Genes in chocolate trees, cancers, and sea water are confirming Darwin and changing the world.
I knew genomics had come of age when I heard they were sequencing the chocolate genome-or the tree chocolate comes from, anyway. That’s Theobroma (“food of the gods”) cacao, which is so beset by diseases that the world’s chocolate addicts, me included, could lose our fix.
The Maya believed the gods discovered cacao and gave it to them; they and other Native American cultures cultivated it, used it to appease those gods, and took delight in it. Columbus noticed it, Cortez was served it by the Aztecs, and from the mid-1500s it spread from Spain through Europe and the world. Yum.
Now, its source is endangered by funguses, so the Mars candy people got together with the Agricultural Research Service and IBM-they need Blue Gene, the supercomputer, to do the math-to analyze cacao for genes that boost resistance. Could it also lead to synthetic chocolate-maybe an equally tasty but less addictive kind? Who knows? No limits in the genomics era.
Of course, thousands of labs do human genomics, and almost every New England Journal of Medicine reports news from them. Just this week it revealed a new statistical approach to the known genes for breast cancer, the disease that killed my wife and countless others.
While each one raises risk only slightly, putting 14 of them together in a large sample of women can point to those most at risk. This could make the difference for my daughters. The accompanying editorial was called “From Darwin’s Finches to Canaries in the Coal Mine-Mining the Genome for New Biology.”
The title alone contains an evolutionary reference and two metaphors. Darwin’s finches are mentioned because they helped him see the relationship between phenotypes and underlying hereditary variation. The genes for breast cancer, weak though they are individually, can be timely warnings.
But the mining-the-genome metaphor caught my attention. This kind of survey genomics might be derided by some as a fishing expedition. As the authors say, “Genetic mapping turns hypothesis-driven research on its head.” Since Francis Bacon scientists have been under pressure to form hypotheses first.
But that can be too much of a good thing, and in truth much of science is description–a task renewed with every advance in instrumentation. The microscope revealed new worlds in miniature, the telescope on a grand scale; no one derides Leeuwenhoek for going fishing for new animalcules. Genome sequencing has done the same for genes.
The human genome itself is proving a gold mine for explorers, including medical ones. A whole other approach involves sequencing tumors themselves, and this will gradually result in a new classification of cancers predicting their behavior far better than the crude methods we use now.

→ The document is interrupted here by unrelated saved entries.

lemma edge_iff_ceiling_eq:
  assumes X: "X \<in> P" and Y: "Y \<in> P" and "X \<noteq> Y" and "ori f X = ori f Y"
    and K_pos: "1 \<le> card {(x, y). x \<in> X \<and> y \<in> Y \<and> (x, y) \<in> E}"
    and xs: "bij_betw xs {1..card X} X"
    and xs_sorted: "\<forall>i. 1 \<le> i \<and> i < card X \<longrightarrow> fst (f (xs i)) \<le> fst (f (xs (i + 1)))"
    and ys: "bij_betw ys {1..card Y} Y"
    and ys_sorted: "\<forall>j. 1 \<le> j \<and> j < card Y \<longrightarrow> fst (f (ys j)) \<le> fst (f (ys (j + 1)))"
    and i: "i \<in> {1..card X}" and j: "j \<in> {1..card Y}"
  defines "K \<equiv> card {(x, y). x \<in> X \<and> y \<in> Y \<and> (x, y) \<in> E}"
  shows "(xs i, ys j) \<in> E \<longleftrightarrow>
    \<lceil>real i * real (card Y) / real K\<rceil> = \<lceil>real j * real (card X) / real K\<rceil>"
proof -
  obtain x0 y0 where "x0 \<in> X" "y0 \<in> Y"
    using block_nonempty[OF X] block_nonempty[OF Y] by blast
  define d e where "d = card (nbhd_in Y x0)" and "e = card (nbhd_in X y0)"
  have deg_X: "card (nbhd_in Y x) = d" if "x \<in> X" for x
    unfolding d_def using card_nbhd_in_eq[OF X Y that \<open>x0 \<in> X\<close>] .
  have deg_Y: "card (nbhd_in X y) = e" if "y \<in> Y" for y
    unfolding e_def using card_nbhd_in_eq[OF Y X that \<open>y0 \<in> Y\<close>] .
  have K_X: "K = card X * d"
    unfolding K_def d_def by (rule card_edges_between[OF X Y \<open>x0 \<in> X\<close>])
  have K_Y: "K = card Y * e"
    unfolding K_def e_def
    using card_edges_between_swap[of X Y] card_edges_between[OF Y X \<open>y0 \<in> Y\<close>] by simp
  have "1 \<le> K"
    using K_pos unfolding K_def .
  have "1 \<le> d"
    using \<open>1 \<le> K\<close> unfolding K_X by (simp add: Suc_le_eq)
  have "1 \<le> e"
    using \<open>1 \<le> K\<close> unfolding K_Y by (simp add: Suc_le_eq)
  define b where "b = ori f X"
  have "biregular_staircase (card X) (card Y) d e
      (\<lambda>i j. shifted_le b (f (xs i)) (f (ys j))) (\<lambda>i j. shifted_le b (f (ys j)) (f (xs i)))"
    unfolding b_def
    by (rule staircase_of_sorted_enumerations[OF X Y assms(3,4) xs xs_sorted ys ys_sorted
        \<open>1 \<le> d\<close> \<open>1 \<le> e\<close> deg_X deg_Y])
  then have "(xs i, ys j) \<in> E \<longleftrightarrow> (i - 1) div e = (j - 1) div d"
    using edge_between_blocks_iff_shifted_le[OF X Y \<open>X \<noteq> Y\<close> bij_betw_apply[OF xs i]
        bij_betw_apply[OF ys j] ori_sign[OF X]] biregular_staircase_blocks[OF _ i j]
    unfolding b_def by simp
  also have "\<dots> \<longleftrightarrow> \<lceil>real i / real e\<rceil> = \<lceil>real j / real d\<rceil>"
    using ceiling_of_nat_divide[of i e] ceiling_of_nat_divide[of j d] i j \<open>1 \<le> d\<close> \<open>1 \<le> e\<close> by simp
  also have "real i / real e = real i * real (card Y) / real K"
    using K_Y card_block_pos[OF Y] by (simp add: field_simps)
  also have "real j / real d = real j * real (card X) / real K"
    using K_X card_block_pos[OF X] by (simp add: field_simps)
  finally show ?thesis .
qed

In a more abstract realm, I get excited about the platypus genome, because it can help us identify what is uniquely mammalian and uniquely human. The latest issue of Nature reveals the genome of amphioxus-a tiny fish-like creature known as the lancelet-which does the same for vertebrates. These are more abstract contributions than sequencing tumors, but they will be at least equally important. And it gets better.
J. Craig Venter, the enfant terrible of human genomics who accelerated the sequencing of our own genome with privately-funded competition for the government initiative, recently sailed around the world on a fishing expedition-scientific fishing. An avid sailor, he followed the path of a 19th century expedition charting life in the seas.
Every 200 nautical miles he stopped and scooped up a cubic meter of sea water. And when he got back home he sequenced the genes of every living thing in it. The organisms differed in every sample, and had different genes. Every 200 miles, 85 percent of the sequences and species were unique. The biodiversity just under the surface of the sea is astounding.
So in the end Venter and his team expect to find millions of new genes-a far cry from the paltry twenty or twenty-five thousand humans have. Just between Halifax and the Galapagos, where Darwin’s finches were, they doubled the number of known families of genes-among them, thousands of new proteins acting as photoreceptors to detect and respond to different hues of filtered sunlight.
Venter estimates that we know perhaps one percent of the life on our planet. He calls the millions of new genes “the design components of the future.” Any one of them could result in a new manufacturing process that could change the world.
Last month it was revealed that the sea floor, where life may have begun, is teeming with unheard-of microbes, and they will no doubt supply millions of other unknown genes, which could be the building blocks of future medicines and nanotechnologies no one alive today can think of.
Darwin saw things 150 years ago that we will be confirming for centuries to come. His work seemed abstract then, but it is yielding discoveries of the utmost practical value.
He must–metaphorically speaking, of course–be resting easily, and smiling.